Optimal Control under Stochastic Target Constraints

Abstract

We study a class of Markovian optimal stochastic control problems in which the controlled process $Z^{\nu}$ is constrained to satisfy an almost sure constraint $Z^{\nu}(T)\in G\subset\mathbb{R}^{d+1}$ $\mathbb{P}$-a.s. at some final time $T>0$. When the set is of the form $G:=\{(x,y)\in\mathbb{R}^d\times\mathbb{R}:g(x,y)\geq0\}$, with g nondecreasing in y, we provide a Hamilton–Jacobi–Bellman characterization of the associated value function. It gives rise to a state constraint problem, where the constraint can be expressed in terms of an auxiliary value function w which characterizes the set $D:=\{(t,Z^{\nu}(t))\in[0,T]\times\mathbb{R}^{d+1}:Z^{\nu}(T)\in G$ a.s. for some $\nu\}$. Contrary to standard state constraint problems, the domain D is not given a priori and we do not need to impose conditions on its boundary.

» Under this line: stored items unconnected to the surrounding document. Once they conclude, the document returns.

lemma separable_solution_pointwise:
  fixes x :: "real^'n"
  assumes "m < 1" "a * (1 - m) = 2 - 2 * s" "K > 0"
    and K_balance: "K / (1 - m) = K powr m * (k * (2 * s - a) * (real CARD('n) - a))"
    and "x \<noteq> 0" "t > 0"
  shows "\<exists>dv G divs.
    ((\<lambda>\<tau>. K * \<tau> powr (1/(1-m)) * norm x powr (-a)) has_real_derivative dv) (at t) \<and>
    (\<forall>y i. y \<noteq> 0 \<longrightarrow>
       has_partial (\<lambda>z. K * t powr (1/(1-m)) * k * norm z powr (-a + 2 * s)) i y (G y i)) \<and>
    (\<forall>i. has_partial (\<lambda>y. (K * t powr (1/(1-m)) * norm y powr (-a)) powr (m - 1) * G y i)
           i x (divs i)) \<and>
    dv = (\<Sum>i\<in>UNIV. divs i)"
proof -
  define T where "T = t powr (1/(1-m))"
  define c where "c = K * T"
  have "c > 0" unfolding c_def T_def using assms by simp
  define B where "B = c powr m * k * (2 * s - a)"
  define G where "G (y :: real^'n) i = c * k * ((-a + 2 * s) * norm y powr (-a + 2 * s - 2) * y $ i)" for y i
  define divs where
    "divs i = B * (-a * norm x powr (-a - 2) * (x $ i)\<^sup>2 + norm x powr (-a))" for i
  have flux: "(\<lambda>y. (c * norm y powr (-a)) powr (m - 1) * G y i) = (\<lambda>y. B * (norm y powr (-a) * y $ i))"
    for i unfolding G_def B_def by (rule ext, rule flux_norm_powr[OF \<open>c > 0\<close> assms(2)])
  have "((\<lambda>\<tau>. K * \<tau> powr (1/(1-m)) * norm x powr (-a)) has_real_derivative
      K * (T powr m / (1-m)) * norm x powr (-a)) (at t)"
    unfolding T_def using DERIV_powr_one_div_one_minus[OF assms(1,6)]
    by (intro DERIV_cmult DERIV_cmult_right)
  moreover have "K * (T powr m / (1-m)) * norm x powr (-a) = (\<Sum>i\<in>UNIV. divs i)"
  proof -
    have "K * (T powr m / (1-m)) * norm x powr (-a) = K / (1-m) * T powr m * norm x powr (-a)"
      by simp
    also have "\<dots> = (K powr m * T powr m * k * (2 * s - a)) * (real CARD('n) - a) * norm x powr (-a)"
      unfolding K_balance by (simp only: mult_ac)
    also have "K powr m * T powr m * k * (2 * s - a) = B"
      unfolding B_def c_def using assms(3,6) by (simp add: T_def powr_mult)
    also have "B * (real CARD('n) - a) * norm x powr (-a) = (\<Sum>i\<in>UNIV. divs i)"
      unfolding divs_def sum_distrib_left[symmetric]
      using sum_partials_norm_powr_times_component[OF assms(5), of "-a"] by simp
    finally show ?thesis .
  qed
  moreover have "has_partial (\<lambda>y. (c * norm y powr (-a)) powr (m - 1) * G y i) i x (divs i)" for i
    unfolding flux divs_def
    by (intro has_partial_cmult has_partial_norm_powr_times_component assms(5))
  moreover have "has_partial (\<lambda>z. c * k * norm z powr (-a + 2 * s)) i y (G y i)" if "y \<noteq> 0" for y i
    unfolding G_def using has_partial_cmult[OF has_partial_norm_powr[OF that]] by simp
  ultimately show ?thesis
    unfolding c_def T_def by (intro exI conjI allI impI) (auto simp: mult.assoc)
qed

lemma exponent_bounds:
  fixes N s m :: real
  assumes "0 < s" "s < 1" "0 \<le> N"
    and "(N - 2 + 4 * s) / (N + 2 * s) < m" "m < (N + 2 * s) / (N + 2)"
  shows "m < 1" and "N + 2 * s < (2 - 2 * s) / (1 - m)" and "(2 - 2 * s) / (1 - m) < N + 2"
proof -
  have lower: "N - 2 + 4 * s < m * (N + 2 * s)" and upper: "m * (N + 2) < N + 2 * s"
    using assms by (simp_all add: divide_less_eq less_divide_eq)
  show "m < 1"
    using upper assms by (smt (verit) mult_le_cancel_right1)
  then show "N + 2 * s < (2 - 2 * s) / (1 - m)" and "(2 - 2 * s) / (1 - m) < N + 2"
    using lower upper by (simp_all add: less_divide_eq divide_less_eq algebra_simps)
qed

theorem theorem6p1:
  fixes s m :: real
  assumes "0 < s" "s < 1"
    and "(real (CARD('n)) - 2 + 4* s) / (real (CARD('n)) + 2* s) < m"
    and "m < (real (CARD('n)) + 2* s) / (real (CARD('n)) + 2)"
  shows "\<exists>K>0. \<exists>P :: real^'n \<Rightarrow> real \<Rightarrow> real.
    (\<forall>t>0. inv_frac_lap s
        (\<lambda>y. K * t powr (1/(1-m)) * norm y powr (-(2-2* s)/(1-m))) (\<lambda>y. P y t)) \<and>
    (\<forall>x t. x \<noteq> 0 \<longrightarrow> t > 0 \<longrightarrow>
      (\<exists>dv G divs.
        ((\<lambda>\<tau>. K * \<tau> powr (1/(1-m)) * norm x powr (-(2-2* s)/(1-m))) has_real_derivative dv) (at t) \<and>
        (\<forall>y i. y \<noteq> 0 \<longrightarrow> has_partial (\<lambda>z. P z t) i y (G y i)) \<and>
        (\<forall>i. has_partial
               (\<lambda>y. (K * t powr (1/(1-m)) * norm y powr (-(2-2* s)/(1-m))) powr (m-1) * G y i)
               i x (divs i)) \<and>
        dv = (\<Sum>i\<in>UNIV. divs i)))"
proof -
  define N where "N = real CARD('n)"
  define a where "a = (2 - 2 * s) / (1 - m)"
  have bounds: "m < 1" "N + 2 * s < a" "a < N + 2"
    using exponent_bounds[of s N m] assms unfolding N_def a_def by simp_all
  define k where "k = kbar CARD('n) s a"
  have k: "kbar_defined CARD('n) s a" "k > 0"
    using kbar_defined_pos[of s "CARD('n)" a] bounds assms(1) by (simp_all add: k_def N_def)
  have "(2 * s - a) * (N - a) > 0"
    using bounds assms(1) by (intro mult_neg_neg) (auto simp: N_def)
  with k(2) have "k * (2 * s - a) * (N - a) > 0"
    by (simp add: mult.assoc)
  from separable_constant[OF bounds(1) this] obtain K
    where K: "K > 0" "K / (1 - m) = K powr m * (k * (2 * s - a) * (N - a))" by blast
  have exponent: "-(2 - 2 * s) / (1 - m) = -a" "a * (1 - m) = 2 - 2 * s"
    using bounds(1) by (simp_all add: a_def minus_divide_left)
  define P :: "real^'n \<Rightarrow> real \<Rightarrow> real"
    where "P y t = K * t powr (1/(1-m)) * k * norm y powr (-a + 2 * s)" for y t
  have riesz: "inv_frac_lap s (\<lambda>y. K * t powr (1/(1-m)) * norm y powr (-a)) (\<lambda>y. P y t)" for t
    unfolding inv_frac_lap_def P_def k_def
    using k(1) by (intro exI[of _ "K * t powr (1/(1-m))"] exI[of _ a]) simp
  show ?thesis
    unfolding exponent(1) using K(1) riesz
      separable_solution_pointwise[OF bounds(1) exponent(2) K(1) K(2)[unfolded N_def], folded P_def]
    by blast
qed

end
lemma intra_rip_ok_exists:
  fixes b :: "nat \<Rightarrow> nat \<Rightarrow> 'a::euclidean_space"
  assumes q: "q > 0" and unit: "\<forall>i<n. \<forall>j<m i. norm (b i j) = 1"
  shows "intra_rip_ok q b m n (1 + (real (\<Sum>i<n. m i))\<^sup>2)"
  unfolding intra_rip_ok_def
proof (intro allI impI)
  fix i
  assume i: "i < n"
  define M where "M = real (\<Sum>i<n. m i)"
  obtain J where J: "J \<subseteq> {..<m i}" "card J = dim (blk_subspace b m i)"
    and indexed: "\<forall>c. (\<Sum>j\<in>J. c j *\<^sub>R b i j) = 0 \<longrightarrow> (\<forall>j\<in>J. c j = 0)"
    using indexed_basis_of_blk_subspace by blast
  have bound: "(norm (\<Sum>j\<in>J. c j *\<^sub>R b i j))\<^sup>2 \<le> M\<^sup>2 * (lq_norm_on q J c)\<^sup>2" for c
    using power_mono[OF norm_block_sum_le[OF q unit i J(1), of c] norm_ge_zero, of 2]
    unfolding M_def power_mult_distrib .
  have "(1 - (1 + M\<^sup>2)) * (lq_norm_on q J c)\<^sup>2 \<le> (norm (\<Sum>j\<in>J. c j *\<^sub>R b i j))\<^sup>2 \<and>
      (norm (\<Sum>j\<in>J. c j *\<^sub>R b i j))\<^sup>2 \<le> (1 + (1 + M\<^sup>2)) * (lq_norm_on q J c)\<^sup>2" for c
  proof -
    have "(1 - (1 + M\<^sup>2)) * (lq_norm_on q J c)\<^sup>2 \<le> 0"
      "M\<^sup>2 * (lq_norm_on q J c)\<^sup>2 \<le> (1 + (1 + M\<^sup>2)) * (lq_norm_on q J c)\<^sup>2"
      by (simp_all add: mult_right_mono)
    then show ?thesis
      using bound[of c] zero_le_power2[of "norm (\<Sum>j\<in>J. c j *\<^sub>R b i j)"] by linarith
  qed
  then show "\<exists>J. J \<subseteq> {..<m i} \<and> card J = dim (blk_subspace b m i) \<and>
      (\<forall>c. (\<Sum>j\<in>J. c j *\<^sub>R b i j) = 0 \<longrightarrow> (\<forall>j\<in>J. c j = 0)) \<and>
      (\<forall>c. (1 - (1 + (real (\<Sum>i<n. m i))\<^sup>2)) * (lq_norm_on q J c)\<^sup>2 \<le> (norm (\<Sum>j\<in>J. c j *\<^sub>R b i j))\<^sup>2 \<and>
           (norm (\<Sum>j\<in>J. c j *\<^sub>R b i j))\<^sup>2 \<le> (1 + (1 + (real (\<Sum>i<n. m i))\<^sup>2)) * (lq_norm_on q J c)\<^sup>2)"
    using J indexed unfolding M_def by blast
qed

lemma intra_rip_okE:
  fixes b :: "nat \<Rightarrow> nat \<Rightarrow> 'a::euclidean_space"
  assumes "intra_rip_ok q b m n e" "i < n"
  obtains J where "J \<subseteq> {..<m i}" "card J = dim (blk_subspace b m i)"
    "\<forall>c. (\<Sum>j\<in>J. c j *\<^sub>R b i j) = 0 \<longrightarrow> (\<forall>j\<in>J. c j = 0)"
    "\<And>c. (1 - e) * (lq_norm_on q J c)\<^sup>2 \<le> (norm (\<Sum>j\<in>J. c j *\<^sub>R b i j))\<^sup>2"
    "\<And>c. (norm (\<Sum>j\<in>J. c j *\<^sub>R b i j))\<^sup>2 \<le> (1 + e) * (lq_norm_on q J c)\<^sup>2"
proof -
  from assms obtain J where J: "J \<subseteq> {..<m i}" "card J = dim (blk_subspace b m i)"
    "\<forall>c. (\<Sum>j\<in>J. c j *\<^sub>R b i j) = 0 \<longrightarrow> (\<forall>j\<in>J. c j = 0)"
    and bounds: "\<forall>c. (1 - e) * (lq_norm_on q J c)\<^sup>2 \<le> (norm (\<Sum>j\<in>J. c j *\<^sub>R b i j))\<^sup>2 \<and>
      (norm (\<Sum>j\<in>J. c j *\<^sub>R b i j))\<^sup>2 \<le> (1 + e) * (lq_norm_on q J c)\<^sup>2"
    unfolding intra_rip_ok_def by (elim allE[of _ i] impE exE conjE) auto
  from that[OF J] bounds show thesis
    by simp
qed
(* Let $G$ be a proper interval graph with no twin vertices, let $\sigma$ be a proper interval ordering of $G$, let each node of the line-incompatibility graph $\widehat{G}$ carry a positive weight, and let $I_{\widehat{G}}$ be a maximum-weight independent set of $\widehat{G}$. Let $x,y,z$ be vertices of $G$ with $x\prec y\prec z$ in $\sigma$ and $xz\in I_{\widehat{G}}$. (1) If $xy\notin I_{\widehat{G}}$ and $yz\in I_{\widehat{G}}$, then $xy$ is non-adjacent in $\widehat{G}$ to every node of the form $x_\ell x\in I_{\widehat{G}}$, and there is a vertex $w$ such that $yw\in I_{\widehat{G}}$, $\{x,w\}\notin E(G)$, and $z\prec w$. (2) If $xy\in I_{\widehat{G}}$ and $yz\notin I_{\widehat{G}}$, then $yz$ is non-adjacent in $\widehat{G}$ to every node of the form $zz_r\in I_{\widehat{G}}$, and there is a vertex $w$ such that $wy\in I_{\widehat{G}}$, $\{w,z\}\notin E(G)$, and $w\prec x$.
   Context: All graphs are finite, simple and undirected. Two adjacent vertices $u,v$ are twins if $N[u]=N[v]$. A vertex ordering $\sigma$ of $G$ is a proper interval ordering if for all vertices $x\prec y\prec z$ in $\sigma$, $\{x,z\}\in E(G)$ implies $\{x,y\},\{y,z\}\in E(G)$; a graph is a proper interval graph if and only if it admits a proper interval ordering. The line-incompatibility graph $\widehat{G}$ of $G$ has one node $uv$ for each edge $\{u,v\}$ of $G$, two nodes being adjacent iff the corresponding edges are of the form $\{u,v\},\{v,w\}$ with $\{u,w\}\notin E(G)$. A maximum-weight independent set is an independent set maximizing the total weight of its nodes. *)

theory Defs
  imports Complex_Main
begin

definition simple_graph :: "'a set \<Rightarrow> ('a \<Rightarrow> 'a \<Rightarrow> bool) \<Rightarrow> bool" where
  "simple_graph V E \<longleftrightarrow> finite V \<and> (\<forall>u v. E u v \<longrightarrow> E v u)
     \<and> (\<forall>u. \<not> E u u) \<and> (\<forall>u v. E u v \<longrightarrow> u \<in> V \<and> v \<in> V)"

definition closed_nbhd :: "'a set \<Rightarrow> ('a \<Rightarrow> 'a \<Rightarrow> bool) \<Rightarrow> 'a \<Rightarrow> 'a set" where
  "closed_nbhd V E u = {v \<in> V. E u v} \<union> {u}"

definition twins :: "'a set \<Rightarrow> ('a \<Rightarrow> 'a \<Rightarrow> bool) \<Rightarrow> 'a \<Rightarrow> 'a \<Rightarrow> bool" where
  "twins V E u v \<longleftrightarrow> E u v \<and> closed_nbhd V E u = closed_nbhd V E v"

definition twin_free :: "'a set \<Rightarrow> ('a \<Rightarrow> 'a \<Rightarrow> bool) \<Rightarrow> bool" where
  "twin_free V E \<longleftrightarrow> (\<forall>u\<in>V. \<forall>v\<in>V. \<not> twins V E u v)"

definition vertex_ordering :: "'a set \<Rightarrow> 'a list \<Rightarrow> bool" where
  "vertex_ordering V \<sigma> \<longleftrightarrow> distinct \<sigma> \<and> set \<sigma> = V"

definition prec :: "'a list \<Rightarrow> 'a \<Rightarrow> 'a \<Rightarrow> bool" where
  "prec \<sigma> x y \<longleftrightarrow> (\<exists>i j. i < j \<and> j < length \<sigma> \<and> \<sigma> ! i = x \<and> \<sigma> ! j = y)"

definition proper_interval_ordering :: "'a set \<Rightarrow> ('a \<Rightarrow> 'a \<Rightarrow> bool) \<Rightarrow> 'a list \<Rightarrow> bool" where
  "proper_interval_ordering V E \<sigma> \<longleftrightarrow> vertex_ordering V \<sigma> \<and>
     (\<forall>x y z. prec \<sigma> x y \<and> prec \<sigma> y z \<and> E x z \<longrightarrow> E x y \<and> E y z)"

definition proper_interval_graph :: "'a set \<Rightarrow> ('a \<Rightarrow> 'a \<Rightarrow> bool) \<Rightarrow> bool" where
  "proper_interval_graph V E \<longleftrightarrow> simple_graph V E \<and> (\<exists>\<sigma>. proper_interval_ordering V E \<sigma>)"

definition lig_nodes :: "'a set \<Rightarrow> ('a \<Rightarrow> 'a \<Rightarrow> bool) \<Rightarrow> 'a set set" where
  "lig_nodes V E = {{u, v} | u v. u \<in> V \<and> v \<in> V \<and> E u v}"

definition lig_adj :: "('a \<Rightarrow> 'a \<Rightarrow> bool) \<Rightarrow> 'a set \<Rightarrow> 'a set \<Rightarrow> bool" where
  "lig_adj E e f \<longleftrightarrow> (\<exists>u v w. e = {u, v} \<and> f = {v, w} \<and> E u v \<and> E v w \<and> u \<noteq> w \<and> \<not> E u w)"

definition lig_independent :: "'a set \<Rightarrow> ('a \<Rightarrow> 'a \<Rightarrow> bool) \<Rightarrow> 'a set set \<Rightarrow> bool" where
  "lig_independent V E I \<longleftrightarrow> I \<subseteq> lig_nodes V E \<and> (\<forall>e\<in>I. \<forall>f\<in>I. \<not> lig_adj E e f)"

definition lig_max_weight_independent ::
    "'a set \<Rightarrow> ('a \<Rightarrow> 'a \<Rightarrow> bool) \<Rightarrow> ('a set \<Rightarrow> real) \<Rightarrow> 'a set set \<Rightarrow> bool" where
  "lig_max_weight_independent V E wt I \<longleftrightarrow> lig_independent V E I \<and>
     (\<forall>J. lig_independent V E J \<longrightarrow> sum wt J \<le> sum wt I)"

end

theory Submission
  imports Defs
begin

text \<open>Part (1) rests on two facts. First, independence makes two edges of I with a
  common endpoint span a triangle, so x_l z is an edge, and the proper interval
  property then gives the edge x_l y that makes xy compatible with x_l x. Second, by
  positivity of the weights, the node xy missing from the maximum-weight set I must be
  in conflict with some node of I; locating its far endpoint in the ordering leaves
  only a neighbour w of y beyond z. Part (2) is part (1) for the reversed ordering,
  which is again a proper interval ordering.\<close>

lemma prec_in_set: "prec s a b \<Longrightarrow> a \<in> set s \<and> b \<in> set s"
  unfolding prec_def by (metis nth_mem order.strict_trans)

lemma prec_neq: "distinct s \<Longrightarrow> prec s a b \<Longrightarrow> a \<noteq> b"
  unfolding prec_def using nth_eq_iff_index_eq by fastforce

lemma prec_trans: "distinct s \<Longrightarrow> prec s a b \<Longrightarrow> prec s b c \<Longrightarrow> prec s a c"
  unfolding prec_def
proof (elim exE conjE)
  fix i j i' j'
  assume "distinct s" and h: "i < j" "j < length s" "s ! i = a" "s ! j = b"
    "i' < j'" "j' < length s" "s ! i' = b" "s ! j' = c"
  then have "j = i'" using nth_eq_iff_index_eq by fastforce
  with h show "\<exists>i j. i < j \<and> j < length s \<and> s ! i = a \<and> s ! j = c"
    by (intro exI[of _ i] exI[of _ j']) auto
qed

lemma prec_total: "a \<in> set s \<Longrightarrow> b \<in> set s \<Longrightarrow> a \<noteq> b \<Longrightarrow> prec s a b \<or> prec s b a"
  unfolding prec_def in_set_conv_nth by (metis linorder_neqE_nat)

lemma prec_rev: "prec (rev s) a b \<longleftrightarrow> prec s b a"
proof -
  have "prec (rev s) a b" if "prec s b a" for s :: "'b list" and a b
  proof -
    from that obtain i j where "i < j" "j < length s" "s ! i = b" "s ! j = a"
      unfolding prec_def by auto
    then show ?thesis unfolding prec_def
      by (intro exI[of _ "length s - 1 - j"] exI[of _ "length s - 1 - i"]) (auto simp: rev_nth)
  qed
  from this[of s] this[of "rev s"] show ?thesis by auto
qed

It is naturally incorporated in the auxiliary value function w, which itself is a viscosity solution of a nonlinear parabolic PDE. Applying ideas recently developed in Bouchard, Elie, and Touzi [SIAM J. Control Optim., 48 (2009), pp. 3123–3150], our general result also allows us to consider optimal control problems with moment constraints of the form $\mathbb{E}[g(Z^{\nu}(T))]\geq0$ or $\mathbb{P}[g(Z^{\nu}(T))\geq0]\geq p$.